[TASK TO CARRY OUT] What do the lines say from the one containing "p^2 - 852/10000" to the end of the records? Restate them word for word, and only those.

[DATA SUPPLIED]
--*--
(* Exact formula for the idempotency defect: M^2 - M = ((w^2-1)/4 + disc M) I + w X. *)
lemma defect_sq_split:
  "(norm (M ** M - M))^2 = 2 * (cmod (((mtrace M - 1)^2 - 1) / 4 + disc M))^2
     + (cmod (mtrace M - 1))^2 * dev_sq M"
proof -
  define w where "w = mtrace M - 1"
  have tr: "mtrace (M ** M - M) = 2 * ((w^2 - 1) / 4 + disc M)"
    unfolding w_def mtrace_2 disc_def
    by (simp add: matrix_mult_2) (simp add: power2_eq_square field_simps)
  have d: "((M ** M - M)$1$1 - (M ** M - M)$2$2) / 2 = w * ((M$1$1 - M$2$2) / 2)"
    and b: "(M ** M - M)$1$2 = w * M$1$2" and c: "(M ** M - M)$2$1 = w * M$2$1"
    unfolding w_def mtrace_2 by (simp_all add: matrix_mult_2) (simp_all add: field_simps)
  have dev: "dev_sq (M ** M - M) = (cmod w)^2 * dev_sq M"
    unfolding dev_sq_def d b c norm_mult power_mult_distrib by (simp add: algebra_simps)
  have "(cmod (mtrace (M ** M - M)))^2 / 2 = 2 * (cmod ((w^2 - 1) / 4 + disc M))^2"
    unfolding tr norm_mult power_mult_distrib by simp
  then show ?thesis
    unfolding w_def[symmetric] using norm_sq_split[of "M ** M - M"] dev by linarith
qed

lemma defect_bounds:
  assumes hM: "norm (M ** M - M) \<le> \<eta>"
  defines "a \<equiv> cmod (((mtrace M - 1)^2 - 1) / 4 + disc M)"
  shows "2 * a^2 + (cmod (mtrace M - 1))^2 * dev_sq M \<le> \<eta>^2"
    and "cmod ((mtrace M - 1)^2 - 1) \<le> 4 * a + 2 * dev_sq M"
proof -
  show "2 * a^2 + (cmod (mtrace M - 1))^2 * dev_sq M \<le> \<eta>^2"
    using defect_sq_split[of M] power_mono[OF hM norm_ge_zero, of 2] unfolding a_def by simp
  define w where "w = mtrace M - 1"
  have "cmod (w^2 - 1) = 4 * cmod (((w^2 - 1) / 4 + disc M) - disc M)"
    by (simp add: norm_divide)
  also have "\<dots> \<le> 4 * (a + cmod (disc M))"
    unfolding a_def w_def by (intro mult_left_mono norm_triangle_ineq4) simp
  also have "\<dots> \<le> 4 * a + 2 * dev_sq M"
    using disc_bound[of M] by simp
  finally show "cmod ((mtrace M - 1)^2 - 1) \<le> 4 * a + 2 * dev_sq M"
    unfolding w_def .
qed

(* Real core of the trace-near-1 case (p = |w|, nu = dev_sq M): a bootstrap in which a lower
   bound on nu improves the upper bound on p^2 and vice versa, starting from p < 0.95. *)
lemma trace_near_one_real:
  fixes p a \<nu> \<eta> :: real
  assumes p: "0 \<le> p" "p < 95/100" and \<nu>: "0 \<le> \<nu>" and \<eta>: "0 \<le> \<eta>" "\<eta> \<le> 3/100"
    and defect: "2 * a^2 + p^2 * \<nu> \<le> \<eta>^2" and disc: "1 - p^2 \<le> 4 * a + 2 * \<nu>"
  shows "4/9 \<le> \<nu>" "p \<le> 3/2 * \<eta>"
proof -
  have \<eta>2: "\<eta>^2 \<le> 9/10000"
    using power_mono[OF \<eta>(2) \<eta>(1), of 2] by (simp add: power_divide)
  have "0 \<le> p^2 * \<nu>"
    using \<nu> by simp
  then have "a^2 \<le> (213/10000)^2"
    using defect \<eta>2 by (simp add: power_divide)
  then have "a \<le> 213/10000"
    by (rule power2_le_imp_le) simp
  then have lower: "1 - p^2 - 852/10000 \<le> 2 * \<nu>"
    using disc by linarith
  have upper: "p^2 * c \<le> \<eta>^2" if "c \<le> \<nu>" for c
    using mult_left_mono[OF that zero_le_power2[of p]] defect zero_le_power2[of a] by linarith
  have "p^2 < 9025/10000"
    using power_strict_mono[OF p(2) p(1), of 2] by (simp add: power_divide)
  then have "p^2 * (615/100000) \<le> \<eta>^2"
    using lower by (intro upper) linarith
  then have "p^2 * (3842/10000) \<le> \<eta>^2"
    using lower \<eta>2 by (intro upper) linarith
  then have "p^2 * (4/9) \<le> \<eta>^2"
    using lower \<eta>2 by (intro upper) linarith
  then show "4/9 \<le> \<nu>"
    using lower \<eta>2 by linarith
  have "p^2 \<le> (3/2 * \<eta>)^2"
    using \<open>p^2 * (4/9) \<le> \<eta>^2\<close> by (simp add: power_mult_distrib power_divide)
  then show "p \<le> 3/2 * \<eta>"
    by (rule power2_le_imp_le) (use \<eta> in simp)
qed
--*--
[REPLY]
  then have lower: "1 - p^2 - 852/10000 \<le> 2 * \<nu>"
    using disc by linarith
  have upper: "p^2 * c \<le> \<eta>^2" if "c \<le> \<nu>" for c
    using mult_left_mono[OF that zero_le_power2[of p]] defect zero_le_power2[of a] by linarith
  have "p^2 < 9025/10000"
    using power_strict_mono[OF p(2) p(1), of 2] by (simp add: power_divide)
  then have "p^2 * (615/100000) \<le> \<eta>^2"
    using lower by (intro upper) linarith
  then have "p^2 * (3842/10000) \<le> \<eta>^2"
    using lower \<eta>2 by (intro upper) linarith
  then have "p^2 * (4/9) \<le> \<eta>^2"
    using lower \<eta>2 by (intro upper) linarith
  then show "4/9 \<le> \<nu>"
    using lower \<eta>2 by linarith
  have "p^2 \<le> (3/2 * \<eta>)^2"
    using \<open>p^2 * (4/9) \<le> \<eta>^2\<close> by (simp add: power_mult_distrib power_divide)
  then show "p \<le> 3/2 * \<eta>"
    by (rule power2_le_imp_le) (use \<eta> in simp)
qed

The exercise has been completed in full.